Raz napisałam bardzo dobrze sprawdzian z j. polskiego. W czym problem? Gdy pani to powiedziała, to z zewsząd teksty, że ściągałam, bo ja nie mogę przecież tak dobrze napisać (co z tego, że urodziłam się i wychowywałam się w Polsce?).
Nie raz byłam nazywana kupą czy świnką (ciemna skóra, płaski nos).
Dużo osób śmiało się też z mojego imienia (nie mam polskiego).
W ankietach jakie przeprowadzono 99% uczniów stwierdziło, że w szkole nie ma rasizmu. 99% uczniów to Polacy. Nie zrozumcie mnie źle, nie mówię, że białoskórzy to zło. Po prostu trudno zauważyć problem, który nas nie dotyczy.
PS Dodam tylko, że moje rodzeństwo też miało "fajne" przygody w tej szkole.
Nie przejmuje się nimi, nie warto. Ludzie znajdą we wszystkim preteks, żeby " docinać". :)
Ja np. Jestem szczupły i niski... O wzroście mi nie docinają, ze szczupłością już jest różnie...
No chyba, że ktoś jest bogaty i ładny.
Debile sa wszędzie, tego nie zmienisz. Trzeba mieć to w dupie, iść przed siebie i udowodnić jak się mylili c:
A potem zatrudnić ich w swojej firmie 😂
Nie chodzi o to, że białoskórzy, czarnoskórzy itp. to zło.
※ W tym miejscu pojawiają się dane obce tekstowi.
(* Let $k$ be a nonnegative integer and let $i,j\geq k+2$ be integers. Then $$R_k^{\mathcal{CO}}(i,j)=1+\frac{(i-1)(j-1)-\{i-1\}\{j-1\}}{k+1},$$ where $\{x\}\in\{0,1,\dots,k\}$ denotes the residue of the integer $x$ modulo $k+1$ and $\mathcal{CO}$ is the class of cographs.
   Context: All graphs are finite and simple. For a graph $G$ and a nonnegative integer $k$, a $k$-sparse $j$-set is a set of $j$ vertices of $G$ inducing a subgraph of maximum degree at most $k$; a $k$-dense $i$-set is a set of $i$ vertices of $G$ that is $k$-sparse in the complement of $G$. For a graph class $\mathcal{G}$, $R_k^{\mathcal{G}}(i,j)$ is the smallest natural number $n$ such that every graph on $n$ vertices in $\mathcal{G}$ has either a $k$-dense $i$-set or a $k$-sparse $j$-set. A cograph is a graph containing no induced path on four vertices (equivalently, the complement of every connected induced subgraph on at least two vertices is disconnected). *)

theory Defs
  imports Main
begin

text \<open>A finite simple graph on vertex set V is given by a symmetric, irreflexive
edge relation E (only its restriction to V matters).\<close>
definition simple_graph :: "'a set \<Rightarrow> ('a \<Rightarrow> 'a \<Rightarrow> bool) \<Rightarrow> bool" where
  "simple_graph V E \<longleftrightarrow> finite V \<and> (\<forall>u\<in>V. \<forall>v\<in>V. E u v \<longrightarrow> E v u) \<and> (\<forall>v\<in>V. \<not> E v v)"

definition compl_graph :: "('a \<Rightarrow> 'a \<Rightarrow> bool) \<Rightarrow> 'a \<Rightarrow> 'a \<Rightarrow> bool" where
  "compl_graph E u v \<longleftrightarrow> u \<noteq> v \<and> \<not> E u v"

definition k_sparse :: "nat \<Rightarrow> ('a \<Rightarrow> 'a \<Rightarrow> bool) \<Rightarrow> 'a set \<Rightarrow> bool" where
  "k_sparse k E S \<longleftrightarrow> (\<forall>v\<in>S. card {u\<in>S. E v u} \<le> k)"

definition k_dense :: "nat \<Rightarrow> ('a \<Rightarrow> 'a \<Rightarrow> bool) \<Rightarrow> 'a set \<Rightarrow> bool" where
  "k_dense k E S \<longleftrightarrow> k_sparse k (compl_graph E) S"

definition cograph :: "'a set \<Rightarrow> ('a \<Rightarrow> 'a \<Rightarrow> bool) \<Rightarrow> bool" where
  "cograph V E \<longleftrightarrow> simple_graph V E \<and>
     \<not> (\<exists>a\<in>V. \<exists>b\<in>V. \<exists>c\<in>V. \<exists>d\<in>V. distinct [a,b,c,d] \<and>
          E a b \<and> E b c \<and> E c d \<and> \<not> E a c \<and> \<not> E b d \<and> \<not> E a d)"

text \<open>Ramsey number for cographs. Every graph on n vertices is isomorphic to one
on the vertex set {0..<n}, so it suffices to quantify over those.\<close>
definition ramsey_CO :: "nat \<Rightarrow> nat \<Rightarrow> nat \<Rightarrow> nat" where
  "ramsey_CO k i j = (LEAST n. \<forall>E :: nat \<Rightarrow> nat \<Rightarrow> bool. cograph {0..<n} E \<longrightarrow>
      (\<exists>S\<subseteq>{0..<n}. card S = i \<and> k_dense k E S) \<or>
      (\<exists>S\<subseteq>{0..<n}. card S = j \<and> k_sparse k E S))"

end

theory Submission
  imports Defs
begin

text \<open>Write m = k + 1 and f(x, y) = co_bound m x y = (x div m) y + (x mod m) (y div m),
  which equals (x y - (x mod m) (y mod m)) div m. Every cograph with no k-dense (x+1)-set and no k-sparse
  (y+1)-set, where x, y \<ge> m, has at most f(x, y) vertices: by Seinsche's theorem the graph or its
  complement is disconnected, complementation swaps x and y and f is symmetric, and if V splits
  into parts A and B without edges between them, maximum k-sparse sets of A and B of sizes
  y1 and y2 combine to one of V, so by induction
  |V| \<le> f(x, y1) + f(x, y2) \<le> f(x, y1 + y2) \<le> f(x, y).
  An explicit cograph attains f(x, y), so R(i, j) = f(i - 1, j - 1) + 1.\<close>

lemma simple_graph_subset: "simple_graph V E \<Longrightarrow> W \<subseteq> V \<Longrightarrow> simple_graph W E"
  unfolding simple_graph_def by (auto intro: finite_subset)

lemma cograph_subset: "cograph V E \<Longrightarrow> W \<subseteq> V \<Longrightarrow> cograph W E"
  unfolding cograph_def using simple_graph_subset by blast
Rasizm to po prostu zło i nienawiść. Moim zdaniem oznacza, głupotę, bezmyślność, ograniczenie umysłowe osoby, która właśnie jest rasistą. To tak samo jak z homofobią, ksenofobią itp. To przykre, że są tacy ludzie pełni nienawiści. Współczuję, że doświadczyłaś tego na sobie. Cały czas wydaje mi się, że żyjąc w XXI wieku mamy to za sobą, jednakże każdego dnia dochodzę do wniosku, że jednak ta plaga nienawiści nie opuściła tego świata.
Wszystko na temat. Brawo.
Rasizm jest wszędzie. Każdy kraj się z tym boryka. Nie daj sobie wejść na głowę, dziewczyno!
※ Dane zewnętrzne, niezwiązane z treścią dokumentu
declare Jfin.simps(2) [simp del]

context
  fixes p q C lam \<alpha> :: real
  assumes p: "0 \<le> p" "p \<le> 1" and q: "0 \<le> q" "q \<le> 1"
    and C: "0 \<le> C" and \<alpha>: "0 \<le> \<alpha>" "\<alpha> < 1"
begin

text \<open>A bound on the discounted cost from x: the queue grows by at most one per period,
  so the period-k cost is at most C (x + k) + |lam|; cost_bound x is the discounted sum of these.\<close>

definition cost_bound :: "nat \<Rightarrow> real" where
  "cost_bound x = (C * real x + \<bar>lam\<bar>) / (1 - \<alpha>) + C * \<alpha> / (1 - \<alpha>)^2"

lemma cost_bound_Suc: "C * real x + \<bar>lam\<bar> + \<alpha> * cost_bound (Suc x) = cost_bound x"
proof -
  have "c * X + l + (1 - d) * ((c * (X + 1) + l) / d + c * (1 - d) / d\<^sup>2)
      = (c * X + l) / d + c * (1 - d) / d\<^sup>2" if "0 < d" for c X l d :: real
    using that by (simp add: field_simps power2_eq_square)
  from this[of "1 - \<alpha>" C "real x" "\<bar>lam\<bar>"] show ?thesis
    using \<alpha> unfolding cost_bound_def by (simp add: add.commute)
qed

lemma cost_bound_mono: "x \<le> y \<Longrightarrow> cost_bound x \<le> cost_bound y"
  using C \<alpha> unfolding cost_bound_def by (intro add_right_mono divide_right_mono mult_left_mono) auto

lemma cost_bound_nonneg: "0 \<le> cost_bound x"
  using C \<alpha> unfolding cost_bound_def by (intro add_nonneg_nonneg divide_nonneg_nonneg) auto

lemma Jfin_abs_le: "\<bar>Jfin p q C lam \<alpha> pol n h x\<bar> \<le> cost_bound x"
proof (induction n arbitrary: h x)
  case 0
  then show ?case by (simp add: cost_bound_nonneg)
next
  case (Suc n)
  let ?J = "Jfin p q C lam \<alpha> pol n (h @ [x])"
  have J_le: "\<bar>?J s\<bar> \<le> cost_bound (Suc x)" if "s \<le> Suc x" for s
    using Suc.IH cost_bound_mono[OF that] by (rule order_trans)
  obtain l E where eq: "Jfin p q C lam \<alpha> pol (Suc n) h x = C * real x + l + \<alpha> * E"
    and l: "\<bar>l\<bar> \<le> \<bar>lam\<bar>" and E: "\<bar>E\<bar> \<le> cost_bound (Suc x)"
  proof (cases "pol (h @ [x])")
    case True
    have "\<bar>exp_active p q x ?J\<bar> \<le> cost_bound (Suc x)"
      by (rule exp_active_abs_le[OF q p]) (use J_le in auto)
    with True show thesis by (intro that[of 0 "exp_active p q x ?J"]) (simp_all add: Jfin_Suc_exp)
  next
    case False
    have "\<bar>exp_passive q x ?J\<bar> \<le> cost_bound (Suc x)"
      by (rule exp_passive_abs_le[OF q]) (use J_le in auto)
    with False show thesis by (intro that[of lam "exp_passive q x ?J"]) (simp_all add: Jfin_Suc_exp)
  qed
  have "\<bar>\<alpha> * E\<bar> \<le> \<alpha> * cost_bound (Suc x)"
    using E \<alpha> by (simp add: abs_mult mult_left_mono)
  then have "\<bar>Jfin p q C lam \<alpha> pol (Suc n) h x\<bar> \<le> C * real x + \<bar>lam\<bar> + \<alpha> * cost_bound (Suc x)"
    using l C abs_triangle_ineq[of "C * real x + l" "\<alpha> * E"] abs_triangle_ineq[of "C * real x" l]
    unfolding eq by simp
  then show ?case by (simp add: cost_bound_Suc)
qed

lemma Jfin_tail: "\<bar>Jfin p q C lam \<alpha> pol (n + m) h x - Jfin p q C lam \<alpha> pol n h x\<bar>
    \<le> \<alpha> ^ n * cost_bound (x + n)"
proof (induction n arbitrary: h x)
  case 0
  then show ?case using Jfin_abs_le[of pol m h x] by simp
next
  case (Suc n)
  let ?M = "\<alpha> ^ n * cost_bound (Suc x + n)"
  define \<delta> where "\<delta> s = Jfin p q C lam \<alpha> pol (n + m) (h @ [x]) s - Jfin p q C lam \<alpha> pol n (h @ [x]) s"
    for s
  have \<delta>_le: "\<bar>\<delta> s\<bar> \<le> ?M" if "s \<le> Suc x" for s
  proof -
    have "\<alpha> ^ n * cost_bound (s + n) \<le> ?M"
      using \<alpha> that by (intro mult_left_mono cost_bound_mono) auto
    then show ?thesis using Suc.IH[of "h @ [x]" s] unfolding \<delta>_def by linarith
  qed
  define E where "E = (if pol (h @ [x]) then exp_active p q x \<delta> else exp_passive q x \<delta>)"
  have "Jfin p q C lam \<alpha> pol (Suc n + m) h x - Jfin p q C lam \<alpha> pol (Suc n) h x = \<alpha> * E"
    unfolding E_def \<delta>_def add_Suc Jfin_Suc_exp exp_active_diff[symmetric] exp_passive_diff[symmetric]
    by (simp add: algebra_simps)
  then have "\<bar>Jfin p q C lam \<alpha> pol (Suc n + m) h x - Jfin p q C lam \<alpha> pol (Suc n) h x\<bar> = \<alpha> * \<bar>E\<bar>"
    using \<alpha> by (simp add: abs_mult)
  also have "\<dots> \<le> \<alpha> * ?M"
  proof -
    have "\<bar>exp_active p q x \<delta>\<bar> \<le> ?M"
      by (rule exp_active_abs_le[OF q p]) (rule \<delta>_le)
    moreover have "\<bar>exp_passive q x \<delta>\<bar> \<le> ?M"
      by (rule exp_passive_abs_le[OF q]) (rule \<delta>_le, simp)
    ultimately show ?thesis
      unfolding E_def using \<alpha> by (intro mult_left_mono) auto
  qed
  also have "\<dots> = \<alpha> ^ Suc n * cost_bound (x + Suc n)"
    by simp
  finally show ?case .
qed

lemma tail_bound_tendsto_zero: "(\<lambda>n. \<alpha> ^ n * cost_bound (x + n)) \<longlonglongrightarrow> 0"
proof -
  have "cost_bound (x + n) = cost_bound x + C / (1 - \<alpha>) * real n" for n
    unfolding cost_bound_def by (simp add: add_divide_distrib distrib_left)
  then have eq: "\<alpha> ^ n * cost_bound (x + n) = cost_bound x * \<alpha> ^ n + C / (1 - \<alpha>) * (real n * \<alpha> ^ n)"
    for n
    by (simp add: algebra_simps)
  have "(\<lambda>n. \<alpha> ^ n) \<longlonglongrightarrow> 0" "(\<lambda>n. real n * \<alpha> ^ n) \<longlonglongrightarrow> 0"
    using \<alpha> by (auto intro: LIMSEQ_power_zero powser_times_n_limit_0)
  then show ?thesis
    unfolding eq by (intro tendsto_add_zero tendsto_mult_right_zero)
qed

lemma Jfin_convergent: "convergent (\<lambda>n. Jfin p q C lam \<alpha> pol n h x)"
proof -
  let ?X = "\<lambda>n. Jfin p q C lam \<alpha> pol n h x"
  have "Cauchy ?X"
  proof (rule metric_CauchyI)
    fix \<epsilon> :: real assume "0 < \<epsilon>"
    then have "eventually (\<lambda>n. \<alpha> ^ n * cost_bound (x + n) < \<epsilon> / 2) sequentially"
      using tail_bound_tendsto_zero[of x] by (intro order_tendstoD(2)) auto
    then obtain N where N: "\<alpha> ^ N * cost_bound (x + N) < \<epsilon> / 2"
      by (auto simp: eventually_sequentially)
    have "dist (?X m) (?X n) < \<epsilon>" if "m \<ge> N" "n \<ge> N" for m n
      using Jfin_tail[of pol N "m - N" h x] Jfin_tail[of pol N "n - N" h x] that N
      by (auto simp: dist_real_def abs_le_iff abs_less_iff)
    then show "\<exists>M. \<forall>m\<ge>M. \<forall>n\<ge>M. dist (?X m) (?X n) < \<epsilon>" by blast
  qed
  then show ?thesis by (simp add: Cauchy_convergent_iff)
qed

lemma disc_cost_Jfin_abs_le:
  "\<bar>disc_cost p q C lam \<alpha> pol x - Jfin p q C lam \<alpha> pol n [] x\<bar> \<le> \<alpha> ^ n * cost_bound (x + n)"
proof -
  let ?X = "\<lambda>n. Jfin p q C lam \<alpha> pol n [] x"
  have "?X \<longlonglongrightarrow> disc_cost p q C lam \<alpha> pol x"
    using Jfin_convergent unfolding disc_cost_def by (simp add: convergent_LIMSEQ_iff)
  then have "(\<lambda>m. \<bar>?X (m + n) - ?X n\<bar>) \<longlonglongrightarrow> \<bar>disc_cost p q C lam \<alpha> pol x - ?X n\<bar>"
    by (intro tendsto_intros LIMSEQ_ignore_initial_segment)
  then show ?thesis
    using Jfin_tail[of pol n _ "[]" x] by (intro LIMSEQ_le_const2) (auto simp: add.commute)
qed

lemma bdd_below_disc_cost: "bdd_below (range (\<lambda>pol. disc_cost p q C lam \<alpha> pol x))"
proof (rule bdd_belowI2)
  fix pol
  show "- cost_bound x \<le> disc_cost p q C lam \<alpha> pol x"
    using abs_le_D2[OF disc_cost_Jfin_abs_le[of pol x 0]] by simp
qed

fun value_iteration :: "nat \<Rightarrow> nat \<Rightarrow> real" where
  "value_iteration 0 x = 0"
| "value_iteration (Suc n) x = C * real x +
     min (\<alpha> * exp_active p q x (value_iteration n)) (lam + \<alpha> * exp_passive q x (value_iteration n))"

lemma value_iteration_le_Jfin: "value_iteration n x \<le> Jfin p q C lam \<alpha> pol n h x"
proof (induction n arbitrary: h x)
  case 0
  then show ?case by simp
next
  case (Suc n)
  let ?J = "Jfin p q C lam \<alpha> pol n (h @ [x])"
  have "\<alpha> * exp_active p q x (value_iteration n) \<le> \<alpha> * exp_active p q x ?J"
    "\<alpha> * exp_passive q x (value_iteration n) \<le> \<alpha> * exp_passive q x ?J"
    using Suc.IH \<alpha> by (auto intro!: mult_left_mono exp_active_mono[OF q p] exp_passive_mono[OF q])
  then show ?case by (auto simp: Jfin_Suc_exp min_le_iff_disj)
qed

lemma value_iteration_mono: "mono (value_iteration n)"
proof (induction n)
  case 0
  then show ?case by (simp add: mono_def)
next
  case (Suc n)
  show ?case
  proof (rule monoI)
    fix x y :: nat assume "x \<le> y"
    have "exp_active p q x (value_iteration n) \<le> exp_active p q y (value_iteration n)"
      "exp_passive q x (value_iteration n) \<le> exp_passive q y (value_iteration n)"
      using Suc.IH \<open>x \<le> y\<close> by (auto intro: exp_active_mono_state[OF q p] exp_passive_mono_state[OF q])
    then have "min (\<alpha> * exp_active p q x (value_iteration n)) (lam + \<alpha> * exp_passive q x (value_iteration n))
        \<le> min (\<alpha> * exp_active p q y (value_iteration n)) (lam + \<alpha> * exp_passive q y (value_iteration n))"
      using \<alpha> by (intro min.mono add_left_mono mult_left_mono) auto
    moreover have "C * real x \<le> C * real y"
      using C \<open>x \<le> y\<close> by (simp add: mult_left_mono)
    ultimately show "value_iteration (Suc n) x \<le> value_iteration (Suc n) y"
      by (simp only: value_iteration.simps add_mono)
  qed
qed

definition greedy_active :: "nat \<Rightarrow> nat \<Rightarrow> bool" where
  "greedy_active n x \<longleftrightarrow>
     \<alpha> * exp_active p q x (value_iteration n) \<le> lam + \<alpha> * exp_passive q x (value_iteration n)"

text \<open>In an N-period problem, at a history h ending with the current state,
  N - length h periods follow the current one.\<close>

definition greedy_policy :: "nat \<Rightarrow> policy" where
  "greedy_policy N h = greedy_active (N - length h) (last h)"

lemma Jfin_greedy_policy:
  "length h + n = N \<Longrightarrow> Jfin p q C lam \<alpha> (greedy_policy N) n h x = value_iteration n x"
proof (induction n arbitrary: h x)
  case 0
  then show ?case by simp
next
  case (Suc n)
  have "Jfin p q C lam \<alpha> (greedy_policy N) n (h @ [x]) = value_iteration n"
    using Suc by auto
  moreover have "N - length (h @ [x]) = n"
    using Suc.prems by simp
  then have "greedy_policy N (h @ [x]) = greedy_active n x"
    by (simp add: greedy_policy_def)
  ultimately show ?case
    by (simp add: Jfin_Suc_exp greedy_active_def min_def)
qed

lemma Valpha_mono:
  assumes "z \<le> y"
  shows "Valpha p q C lam \<alpha> z \<le> Valpha p q C lam \<alpha> y"
  unfolding Valpha_def[of _ _ _ _ _ y]
proof (rule cINF_greatest)
  fix pol
  let ?tail = "\<lambda>x n. \<alpha> ^ n * cost_bound (x + n)"
  have "Valpha p q C lam \<alpha> z \<le> disc_cost p q C lam \<alpha> pol y + (?tail y n + ?tail z n)" for n
  proof -
    have "Valpha p q C lam \<alpha> z \<le> disc_cost p q C lam \<alpha> (greedy_policy n) z"
      unfolding Valpha_def by (rule cINF_lower[OF bdd_below_disc_cost]) simp
    also have "\<dots> \<le> Jfin p q C lam \<alpha> (greedy_policy n) n [] z + ?tail z n"
      using disc_cost_Jfin_abs_le[of "greedy_policy n" z n] by linarith
    also have "Jfin p q C lam \<alpha> (greedy_policy n) n [] z = value_iteration n z"
      by (simp add: Jfin_greedy_policy)
    also have "value_iteration n z \<le> value_iteration n y"
      using value_iteration_mono assms by (rule monoD)
    also have "value_iteration n y \<le> Jfin p q C lam \<alpha> pol n [] y"
      by (rule value_iteration_le_Jfin)
    also have "\<dots> \<le> disc_cost p q C lam \<alpha> pol y + ?tail y n"
      using disc_cost_Jfin_abs_le[of pol y n] by linarith
    finally show ?thesis by simp
  qed
  moreover have "(\<lambda>n. disc_cost p q C lam \<alpha> pol y + (?tail y n + ?tail z n))
      \<longlonglongrightarrow> disc_cost p q C lam \<alpha> pol y + (0 + 0)"
    by (intro tendsto_intros tail_bound_tendsto_zero)
  ultimately show "Valpha p q C lam \<alpha> z \<le> disc_cost p q C lam \<alpha> pol y"
    by (intro LIMSEQ_le_const) auto
qed simp

end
Marzy mi się kraj, gdzie kolor skóry wzbudza tyle samo reakcji, co kolory tęczówki. Bo nikt nie obraża nikogo, tylko dlatego, że ma rzadkie zielone oczy...
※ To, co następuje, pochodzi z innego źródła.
corollary gronwall_pos:
  assumes "a \<le> b" and "0 < \<phi> a"
    and "\<And>t. t \<in> {a..b} \<Longrightarrow> (\<phi> has_real_derivative D t) (at t within {a..b})"
    and "\<And>t. t \<in> {a..b} \<Longrightarrow> C * \<phi> t \<le> D t"
  shows "0 < \<phi> b"
proof -
  have "0 < \<phi> a * exp (- C * a)" using assms(2) by simp
  also have "\<dots> \<le> \<phi> b * exp (- C * b)" by (rule gronwall_exp_mono) (use assms in auto)
  finally show ?thesis by (simp add: zero_less_mult_iff)
qed

corollary gronwall_nonpos:
  assumes "a \<le> b" and "\<phi> a \<le> 0"
    and "\<And>t. t \<in> {a..b} \<Longrightarrow> (\<phi> has_real_derivative D t) (at t within {a..b})"
    and "\<And>t. t \<in> {a..b} \<Longrightarrow> D t \<le> C * \<phi> t"
  shows "\<phi> b \<le> 0"
proof -
  have "0 \<le> - \<phi> a * exp (- C * a)"
    using assms(2) by (simp add: mult_nonpos_nonneg)
  also have "\<dots> \<le> - \<phi> b * exp (- C * b)"
    by (rule gronwall_exp_mono[where D = "\<lambda>t. - D t"]) (use assms in \<open>auto intro: DERIV_minus\<close>)
  finally show ?thesis by (simp add: mult_le_0_iff)
qed

lemma min_zero_square_has_derivative:
  "((\<lambda>x. (min 0 x)\<^sup>2) has_real_derivative 2 * min 0 x) (at x)"
proof -
  consider "x < 0" | "x > 0" | "x = 0" by linarith
  then show ?thesis
  proof cases
    case 1
    have "((\<lambda>y. y\<^sup>2) has_real_derivative 2 * min 0 x) (at x)"
      using 1 by (auto intro!: derivative_eq_intros)
    then show ?thesis
      by (rule has_field_derivative_transform_within_open[where S = "{..<0}"]) (use 1 in auto)
  next
    case 2
    have "((\<lambda>y. 0) has_real_derivative 2 * min 0 x) (at x)"
      using 2 by simp
    then show ?thesis
      by (rule has_field_derivative_transform_within_open[where S = "{0<..}"]) (use 2 in auto)
  next
    case 3
    have "((\<lambda>y. (min 0 y)\<^sup>2 / y) \<longlongrightarrow> 0) (at (0::real))"
    proof (rule Lim_null_comparison)
      show "\<forall>\<^sub>F y in at 0. norm ((min 0 y)\<^sup>2 / y) \<le> \<bar>y\<bar>"
        by (auto simp: power2_eq_square abs_mult min_def divide_simps intro!: always_eventually)
      show "((\<lambda>y::real. \<bar>y\<bar>) \<longlongrightarrow> 0) (at 0)"
        using tendsto_rabs[OF tendsto_ident_at[of 0 UNIV]] by simp
    qed
    then show ?thesis
      using 3 by (simp add: has_field_derivative_iff)
  qed
qed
Dokładnie, to byłby piękny swiat
Obojętnie jaki masz kolor skóry, w każdej szkole są prześladowcy, którzy znajdują sobie kozła ofiarnego. A że masz inny kolor, to tylko dla nich dodatkowy powód.
Miałem w liceum gościa z Tajwanu, oprócz tego że miał ksywke żółty lub tajski nikt mu nie dokuczal a on wcale nie był tym urażony, przyjął do wiadomości ze ksywka jak każda inna i nie ma co sie obrażać. Też nie miał polskiego imienia a mimo to każdy go lubił lub był mu obojętny.
Tajski? Tajski?! To nie Tajwan, a Tajlandia! TAJLANDIA!!!
Tajwan nie równa się Tajlandia.
Jedzenie z Tajlandii - tajskie jedzenie;
język, którym posługują się mieszkańcy Tajlandii - tajski (a nie tajlandzki);
mieszkańcy Tajlandii - Tajowie!
Aż mnie serce zabolało. Serio. :/
Serio? :d ksywka nie zawsze jest odpowiednikiem pochodzenia,nazwy itd. Po prostu ktoś tak zawołał i się przyjęło o.o.
Może trochę nie na temat Ale bardzo mi sie podoba gdy podając odnośnik do innego wyznania strescilas je chociaż w 1 zdaniu ♡
Moja znajoma ma męża czarnoskórego, co za tym idzie, także takiego 6 letniego synka. Pewna dziewczynka z jego klasy wyśmiewała się z niego a on zrozpaczony LEKKO ją popchnął i z płaczem uciekł. Chwilę później dzwoni do pani matka dziewczynki mówiąc że ma przenieść dziecko gdzieś indziej, bo ona boi się że ten dzikus zabije jej córkę i takich to powinno się w klatce trzymać. Brak słów... nie rozumiem jak ludzie mogą być tak nietolerancyjni i okrutni.
Ja też nie jestem 100% Polką i jestem ciemniejsza niż większość kolegów i koleżanek, ale nigdy nie spotkałam się z czymś takim. Co więcej jeśli tylko ktoś próbował mi dokuczać z tego powodu reszta stawała w mojej obronie i to kończyło temat. Tu nie chodzi o kraj tylko o ludzi, Ty akurat trafiłaś na bardzo nie dojrzałych
W dwóch szkołach miałam czarnoskórego kumpla. Co prawda nie spędzałam z nim absolutnie każdej minuty, ale nigdy nie słyszałam, żeby miał z kimkolwiek problem z powodu koloru skóry. Ba, wszyscy podchodzili do niego z zainteresowaniem, a nie pogardą. Ale wiem, że nie zawsze to tak wygląda. Wiadomo, że rasizm jest zły pod każdą postacią i w każdym środowisku, ale tak de facto biali też są dręczeni w białych szkołach. Nauczyciele to często wyjątkowo sfrustrowani ludzie i muszą sobie znaleźć kozła ofiarnego. Gdyby Ciebie nie było, to znaleźliby sobie inną osobę. Ty masz o tyle "pecha", że się wyróżniasz z tłumu.